Search and Social Media: What Has Changed?

by Kevin Kernan

Search and Social Media: What Has Changed?
The short answer is “everything.” For those of us in the search business, we realize that our industry is changing in ways we couldn’t see or even imagine 3 or 4 years ago. For boards and hiring executives who haven’t yet incorporated their personal experiences and company positions on the use of social media into their talent development and hiring processes, you will limit your ability to attract the best talent until you do so, and worse, your best people are looking at companies who have already done so. For candidates seeking new employment, it can be a slippery slope if you’re not careful. You need to do two things: polish the story on how you’ve effectively used social media platforms to develop relationships with your customers…not your customers’ employer, but your customer – the individual and/or groups of individuals who buy and use your products or services. Secondly, you need to show how you have successfully communicated in realtime on topics of interest thru your social media network: customers, suppliers, partners, and even competitors – and be specific about what the business benefits or lessons learned were.

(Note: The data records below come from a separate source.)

definition monotone_on_sets :: "'a set \<Rightarrow> ('a set \<Rightarrow> real) \<Rightarrow> bool" where
  "monotone_on_sets N v \<longleftrightarrow> (\<forall>X Y. X \<subseteq> Y \<and> Y \<subseteq> N \<longrightarrow> v X \<le> v Y)"

text \<open>State inside a round: R, prices p, the sets S_{i,t} (current round), u*, and a flag
  telling whether the round has ended early.\<close>
record 'a rst =
  Rs :: "'a set"
  pr :: "'a \<Rightarrow> real"
  Sc :: "nat \<Rightarrow> 'a set"
  ustar :: "'a set"
  stp :: bool

definition best_idx :: "('a set \<Rightarrow> real) \<Rightarrow> nat \<Rightarrow> (nat \<Rightarrow> 'a set) \<Rightarrow> 'a \<Rightarrow> nat" where
  "best_idx v l S u = (LEAST j. j \<in> {1..l} \<and> (\<forall>i\<in>{1..l}. marg v u (S i) \<le> marg v u (S j)))"

definition proc_one :: "('a set \<Rightarrow> real) \<Rightarrow> ('a \<Rightarrow> real) \<Rightarrow> real \<Rightarrow> real \<Rightarrow> real \<Rightarrow> nat
    \<Rightarrow> 'a \<Rightarrow> 'a rst \<Rightarrow> 'a rst" where
  "proc_one v c B \<beta> \<rho> l u s =
    (let j = best_idx v l (Sc s) u;
         q = min (pr s u) (marg v u (Sc s j) / (\<beta> + \<rho> / B));
         p' = (pr s)(u := q)
     in if c u \<le> q then
          (if v (insert u (Sc s j)) - sum p' (insert u (Sc s j)) > \<rho>
           then s\<lparr>pr := p', ustar := {u}, stp := True\<rparr>
           else s\<lparr>pr := p', Sc := (Sc s)(j := insert u (Sc s j))\<rparr>)
        else s\<lparr>Rs := Rs s - {u}, pr := p'\<rparr>)"

fun proc_seq :: "('a set \<Rightarrow> real) \<Rightarrow> ('a \<Rightarrow> real) \<Rightarrow> real \<Rightarrow> real \<Rightarrow> real \<Rightarrow> nat
    \<Rightarrow> 'a list \<Rightarrow> 'a rst \<Rightarrow> 'a rst" where
  "proc_seq v c B \<beta> \<rho> l [] s = s"
| "proc_seq v c B \<beta> \<rho> l (u # us) s =
     proc_seq v c B \<beta> \<rho> l us (if stp s then s else proc_one v c B \<beta> \<rho> l u s)"

text \<open>Global state after round t: R, prices, S_{.,t-1}, S_{.,t}, u*.\<close>
record 'a gst =
  gR :: "'a set"
  gp :: "'a \<Rightarrow> real"
  gprev :: "nat \<Rightarrow> 'a set"
  gcur :: "nat \<Rightarrow> 'a set"
  gu :: "'a set"

definition bfm_round :: "('a set \<Rightarrow> real) \<Rightarrow> ('a \<Rightarrow> real) \<Rightarrow> real \<Rightarrow> real \<Rightarrow> real \<Rightarrow> nat
    \<Rightarrow> 'a list \<Rightarrow> 'a gst \<Rightarrow> 'a gst" where
  "bfm_round v c B \<beta> \<rho> l ord g =
    (let todo = filter (\<lambda>u. u \<in> gR g \<and> u \<notin> (\<Union>i\<in>{1..l}. gcur g i) \<and> u \<notin> gu g) ord;
         s = proc_seq v c B \<beta> \<rho> l todo
               \<lparr>Rs = gR g, pr = gp g, Sc = (\<lambda>_. {}), ustar = gu g, stp = False\<rparr>
     in \<lparr>gR = Rs s, gp = pr s, gprev = gcur g, gcur = Sc s, gu = ustar s\<rparr>)"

You might say that you are in an industry – financial services, healthcare, or avionics – which is highly regulated and limits use of or access to social media platforms (Facebook, Twitter, LinkedIn, etc). My only question is whether or not you employ anybody under the age of 30? Because if you do, you have a social media presence, you just might not control it, or even know what it is. This doesn’t suggest your employees are tweeting about company confidential data or violating PCI requirements, but when your employees have a social media presence, this says something about you as their employer since after all, you hired them.

Anybody reading this article has the ability to find any company’s social media presence in minutes provided you have internet access and can spell…well, you don’t even need to spell well. The point here is ‘get ahead of the curve and drive your social media presence.’ Step up and engage in the dialogue which is on-going and defining your company. Recognize that your high impact marketing messages are not likely created by you. As Barry Libert (author of Social Nation: How to Harness the Power of Social Media to Attract Customers, Motivate Employees, and Grow Your Business) says repeatedly in his book, most companies are not even involved in the conversations that their customers are conducting on these new platforms. David Meerman Scott (author of Online Marketing & PR) conducted a survey of the Fortune 100 to determine which have a “social media signature” and engage in realtime conversations using social media platforms. Interestingly, the 28% who responded positively (yes, in realtime), have seen an increase in share value over the last 36 months, and those who do not have a presence and/or didn’t respond at all, have seen a decline in share value over the same period. I don’t think any shareholder is expecting the creation of a Facebook page to immediately increase the dividend performance and change the overall financial profile of any company – but the data is interesting…and accurate!

So, what does this have to do with search, or more specifically, hiring top talent? It’s easy, there is a rapidly expanding cadre of top execs who not only “get it,” but they have the experience, the results, and creativity to succeed with the new platform. Every search firm, employer, and job seeker can talk about their social media presence at some level, but understanding how this has created differentiable competitive advantage and most importantly, quantifiable results, is absolutely critical. Look at companies like TriNet, Vocus, Zuora, & Xactly, and the people they hire – the difference is obvious.